• **Assignment**
Copy, word for word, the lines of the entries below between the one with "by (simp add: sum.distrib)" and the one with "(auto simp: atLeast0LessThan)", inclusive, and leave out everything else.

○ ○ ○

lemma eis_sum_zero_re_im:
  assumes "eis_sum_zero m x"
  shows "(\<Sum>j<m. eis_re x j) = 0" and "(\<Sum>j<m. eis_im x j) = 0"
proof -
  have "(\<Sum>j<m. of_int (fst (x!j))) = (0::real)" "(\<Sum>j<m. of_int (snd (x!j))) = (0::real)"
    using assms unfolding eis_sum_zero_def
    by (auto simp: sum_list_sum_nth atLeast0LessThan simp flip: of_int_sum)
  then show "(\<Sum>j<m. eis_re x j) = 0" "(\<Sum>j<m. eis_im x j) = 0"
    by (simp_all add: eis_re_def eis_im_def sum_subtractf
        flip: sum_divide_distrib sum_distrib_left)
qed

lemma eis_coord_inner:
  assumes "eis_sum_zero (Suc l) x" and "eis_sum_zero (Suc l) y"
  shows "(\<Sum>n<2 * l. eis_coord l x n * eis_coord l y n) = of_int (eis_form x y) / 2"
proof -
  have halves: "(\<Sum>n<2 * l. g n) = (\<Sum>n<l. g n) + (\<Sum>n<l. g (n + l))" for g :: "nat \<Rightarrow> real"
    using sum.atLeastLessThan_concat[of 0 l "l + l" g] sum.shift_bounds_nat_ivl[of g 0 l l]
    by (simp add: mult_2 atLeast0LessThan)
  have helmert_shift: "(\<Sum>k\<in>{1..<Suc l}. h k) = (\<Sum>n<l. h (n + 1))" for h :: "nat \<Rightarrow> real"
    using sum.shift_bounds_Suc_ivl[of h 0 l] by (simp add: atLeast0LessThan)
  have "(\<Sum>n<2 * l. eis_coord l x n * eis_coord l y n) =
        (\<Sum>k\<in>{1..<Suc l}. helmert (eis_re x) k * helmert (eis_re y) k) +
        (\<Sum>k\<in>{1..<Suc l}. helmert (eis_im x) k * helmert (eis_im y) k)"
    unfolding halves helmert_shift by (simp add: eis_coord_def)
  also have "\<dots> = (\<Sum>j<Suc l. eis_re x j * eis_re y j + eis_im x j * eis_im y j)"
    unfolding helmert_inner eis_sum_zero_re_im[OF assms(1)] eis_sum_zero_re_im[OF assms(2)]
    by (simp add: sum.distrib)
  also have "\<dots> = of_int (eis_form x y) / 2"
  proof -
    have pointwise: "eis_re x j * eis_re y j + eis_im x j * eis_im y j =
          of_int (2 * fst (x!j) * fst (y!j) + 2 * snd (x!j) * snd (y!j)
                  - fst (x!j) * snd (y!j) - snd (x!j) * fst (y!j)) / 2" for j
      by (simp add: eis_re_def eis_im_def field_simps)
    then show ?thesis
      unfolding pointwise using assms
      by (simp add: eis_sum_zero_def eis_form_nth of_int_sum del: sum.lessThan_Suc
          flip: sum_divide_distrib)
  qed
  finally show ?thesis .
qed

lemma ex_vec_embedding:
  "\<exists>E :: (nat \<Rightarrow> real) \<Rightarrow> real^'n. \<forall>f g. inner (E f) (E g) = (\<Sum>i<CARD('n). f i * g i)"
proof -
  obtain h :: "'n \<Rightarrow> nat" where h: "bij_betw h UNIV {..<CARD('n)}"
    using ex_bij_betw_finite_nat[of "UNIV :: 'n set"] by (auto simp: atLeast0LessThan)
  have "inner (\<chi> i. f (h i)) (\<chi> i. g (h i)) = (\<Sum>i<CARD('n). f i * g i)" for f g :: "nat \<Rightarrow> real"
    using sum.reindex_bij_betw[OF h, of "\<lambda>i. f i * g i"] by (simp add: inner_vec_def)
  then show ?thesis by (intro exI[of _ "\<lambda>f. \<chi> i. f (h i)"]) simp
qed

lemma eis_embedding:
  assumes "CARD('n) = 2 * l"
  shows "\<exists>V :: (int \<times> int) list \<Rightarrow> real^'n. \<forall>x y. eis_sum_zero (Suc l) x \<longrightarrow> eis_sum_zero (Suc l) y \<longrightarrow>
           inner (V x) (V y) = of_int (eis_form x y) / 2"
proof -
  obtain E :: "(nat \<Rightarrow> real) \<Rightarrow> real^'n" where E: "\<And>f g. inner (E f) (E g) = (\<Sum>i<2 * l. f i * g i)"
    using ex_vec_embedding assms by metis
  show ?thesis
    by (rule exI[of _ "\<lambda>x. E (eis_coord l x)"]) (simp add: E eis_coord_inner)
qed

text \<open>Thirty-six times the admissible inner products of two vectors that are not antipodal.\<close>
definition admissible :: "int \<Rightarrow> bool" where
  "admissible n \<longleftrightarrow> n \<in> {0, 6, -6, 9, -9, 12, -12, 18, -18}"

definition admissible_pair :: "(int \<times> int) list \<Rightarrow> (int \<times> int) list \<Rightarrow> bool" where
  "admissible_pair u w \<longleftrightarrow> admissible (eis_form u w) \<and> admissible (eis_form u (zeta_mult w))
     \<and> admissible (eis_form u (zeta_mult w) - eis_form u w)"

○ ○ ○

• **Written solution**
    by (simp add: sum.distrib)
  also have "\<dots> = of_int (eis_form x y) / 2"
  proof -
    have pointwise: "eis_re x j * eis_re y j + eis_im x j * eis_im y j =
          of_int (2 * fst (x!j) * fst (y!j) + 2 * snd (x!j) * snd (y!j)
                  - fst (x!j) * snd (y!j) - snd (x!j) * fst (y!j)) / 2" for j
      by (simp add: eis_re_def eis_im_def field_simps)
    then show ?thesis
      unfolding pointwise using assms
      by (simp add: eis_sum_zero_def eis_form_nth of_int_sum del: sum.lessThan_Suc
          flip: sum_divide_distrib)
  qed
  finally show ?thesis .
qed

lemma ex_vec_embedding:
  "\<exists>E :: (nat \<Rightarrow> real) \<Rightarrow> real^'n. \<forall>f g. inner (E f) (E g) = (\<Sum>i<CARD('n). f i * g i)"
proof -
  obtain h :: "'n \<Rightarrow> nat" where h: "bij_betw h UNIV {..<CARD('n)}"
    using ex_bij_betw_finite_nat[of "UNIV :: 'n set"] by (auto simp: atLeast0LessThan)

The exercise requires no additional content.